Services Engineering
Services Engineering Reading List¶
服务工程的阅读清单,重点是云 基础设施服务.
我们欢迎 suggestions.
Papers¶
- Fault Injection in Production (Allspaw)
- Making Reliable Distributed Systems in the Presence of Software Errors (阿姆斯特朗)
- Highly Available Transactions: Virtues and Limitations (贝利斯等人)
- The Incident Command System (比格利和罗伯茨)
- Bigtable: a Distributed Storage System for Structured Data (张等人)
- Spanner: Google’s Globally-Distributed Database (科贝特等人)
- Dynamo: Amazon’s Highly Available Key-Value Store (德坎迪亚等人)
- MapReduce: Simplified Data Processing on Large Clusters (院长和 Ghemawat)
- The Google File System (Ghemawat 等人)
- On Designing and Deploying Internet Scale Services (汉密尔顿)
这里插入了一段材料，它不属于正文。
text \<open>Uniqueness for the regular singular equation \<open>\<theta> G = a G\<close>: comparing coefficients gives
  \<open>n G\<^sub>n = \<Sum>\<^sub>i\<^sub>\<ge>\<^sub>1 a\<^sub>i G\<^sub>n\<^sub>-\<^sub>i\<close>.\<close>
lemma qd_eq_mult_imp_zero:
  assumes "qd G = a * G" and "a $ 0 = 0" and "G $ 0 = 0"
  shows "G = 0"
proof -
  have "G $ n = 0" for n
  proof (induction n rule: less_induct)
    case (less n)
    show ?case
    proof (cases n)
      case 0
      then show ?thesis using assms(3) by simp
    next
      case (Suc m)
      have "of_nat n * G $ n = (\<Sum>i=0..n. a $ i * G $ (n - i))"
        using assms(1) by (simp add: fps_mult_nth flip: qd_nth)
      also have "\<dots> = 0"
      proof (intro sum.neutral ballI)
        fix i assume "i \<in> {0..n}"
        show "a $ i * G $ (n - i) = 0"
          using assms(2) less.IH[of "n - i"] Suc by (cases i) auto
      qed
      finally show ?thesis using Suc by simp
    qed
  qed
  then show ?thesis by (simp add: fps_ext)
qed

lemma binomial_series_ode:
  fixes a b :: "'a::field_char_0"
  shows "(1 + fps_const b * fps_X) * fps_deriv (Abs_fps (\<lambda>n. (a gchoose n) * b ^ n))
       = fps_const (a * b) * Abs_fps (\<lambda>n. (a gchoose n) * b ^ n)"
proof (rule fps_ext)
  fix n
  have rec: "of_nat (Suc n) * (a gchoose Suc n) + of_nat n * (a gchoose n) = a * (a gchoose n)"
    using gbinomial_mult_1[of a n] by simp
  show "((1 + fps_const b * fps_X) * fps_deriv (Abs_fps (\<lambda>n. (a gchoose n) * b ^ n))) $ n
      = (fps_const (a * b) * Abs_fps (\<lambda>n. (a gchoose n) * b ^ n)) $ n"
  proof (cases n)
    case 0
    then show ?thesis using rec by (simp add: distrib_right mult.assoc)
  next
    case (Suc m)
    then have "((1 + fps_const b * fps_X) * fps_deriv (Abs_fps (\<lambda>n. (a gchoose n) * b ^ n))) $ n
        = b ^ Suc n * (of_nat (Suc n) * (a gchoose Suc n) + of_nat n * (a gchoose n))"
      by (simp add: distrib_right mult.assoc fps_X_mult_nth) (simp add: algebra_simps)
    also have "\<dots> = b ^ Suc n * (a * (a gchoose n))"
      by (simp only: rec)
    finally show ?thesis
      by (simp add: algebra_simps)
  qed
qed

text \<open>Keeping \<open>1/5\<close> as an atom lets \<open>algebra\<close> use the single relation \<open>5 * fifth = 1\<close>.\<close>
abbreviation fifth :: "rat fps" where "fifth \<equiv> fps_const (1 / 5)"

lemma five_mult_fifth: "5 * fifth = 1"
  by (simp add: numeral_fps_const)

lemma L_nth_0 [simp]: "L $ 0 = 1"
  by (simp add: L_def)

lemma L_ode: "(1 - 3125 * fps_X) * fps_deriv L = 625 * L"
  using binomial_series_ode[of "- (5 ^ 5)" "- 1 / 5 :: rat"]
  by (simp add: L_def numeral_fps_const fps_const_neg[symmetric] del: fps_const_neg)

lemma Zs_nth_0 [simp]: "Zs $ 0 = 1"
  by (simp add: Zs_def fps_nth_power_0)

lemma one_minus_X_mult_Zs: "(1 - 3125 * fps_X) * Zs = 1"
proof -
  define W where "W = (1 - 3125 * fps_X) * L ^ 5"
  have "fps_deriv W = 5 * L ^ 4 * ((1 - 3125 * fps_X) * fps_deriv L) - 3125 * L ^ 5"
    unfolding W_def by (simp add: fps_deriv_power' algebra_simps)
  also have "\<dots> = 0"
    unfolding L_ode by algebra
  finally have "W = fps_const (W $ 0)"
    by simp
  moreover have "W $ 0 = 1"
    unfolding W_def by (simp add: fps_nth_power_0)
  ultimately show ?thesis
    unfolding Zs_def W_def by simp
qed

lemma qd_L: "qd L = fifth * L * (Zs - 1)"
proof -
  have "fps_deriv L = Zs * ((1 - 3125 * fps_X) * fps_deriv L)"
    using one_minus_X_mult_Zs by algebra
  then have "qd L = 625 * fps_X * Zs * L"
    unfolding L_ode qd_def by (simp add: algebra_simps)
  then show ?thesis
    using one_minus_X_mult_Zs five_mult_fifth by algebra
qed

lemma qd_Zs: "qd Zs = (Zs - 1) * Zs"
proof -
  have "qd Zs = 5 * L ^ 4 * qd L"
    unfolding Zs_def by (simp only: qd_ring_simps)
  then show ?thesis
    unfolding qd_L using five_mult_fifth Zs_def by algebra
qed

lemma L_mult_inverse_L: "L * inverse L = 1"
  by (simp add: inverse_mult_eq_1')

lemma qd_inverse_L: "qd (inverse L) = - fifth * (Zs - 1) * inverse L"
proof -
  have "qd (inverse L) = - qd L * inverse L ^ 2"
    by (simp add: qd_inverse)
  then show ?thesis
    unfolding qd_L using L_mult_inverse_L by algebra
qed

lemma du_inverse_L_power_Zs_power:
  "du (inverse L ^ a * Zs ^ b)
     = fps_const ((5 * of_nat b - of_nat a) / 5) * inverse L ^ a * Zs ^ b * inverse L * (Zs - 1)"
proof -
  have coeff: "fps_const ((5 * of_nat b - of_nat a) / 5 :: rat) = of_nat b - of_nat a * fifth"
    by (simp add: field_simps flip: fps_of_nat)
  show ?thesis
    unfolding du_def qd_mult qd_power_eigen[OF qd_inverse_L] qd_power_eigen[OF qd_Zs] coeff
    by algebra
qed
- Kafka: A Distributed Messaging System for Log Processing (克雷普斯等人)
- Weathering the Unexpected (克里希南)
- The Unified Logging Infrastructure for Data Analytics at Twitter (李等人)
- Automatic Management of Partitioned, Replicated Search Services (莱伯特等人)
- Learning to Embrace Failure (柠檬切利等人)
- Scaling Big Data Mining Infrastructure: The Twitter Experience (林和 Rayboy)
- Out of the Tar Pit (莫斯利和马克)
- The Log-Structured Merge-Tree (奥尼尔等人)
- In Search of an Understandable Consensus Algorithm (Ongaro 和 Ousterhout)
- Fallacies of Distributed Computing Explained (Rotem-Gal-Oz)
- F1 - The Fault-Tolerant Distributed RDBMS Supporting Google’s Ad Business (舒特等人)
- Dapper, A Large Scale Distributed Systems Tracing Infrastructure (西格尔曼等人)
- Resident Distributed Datasets: a Fault-Tolerant Abstraction for In-Memory Cluster Computing (扎哈里等人)
- The Human Side of Postmortems (Zwieback)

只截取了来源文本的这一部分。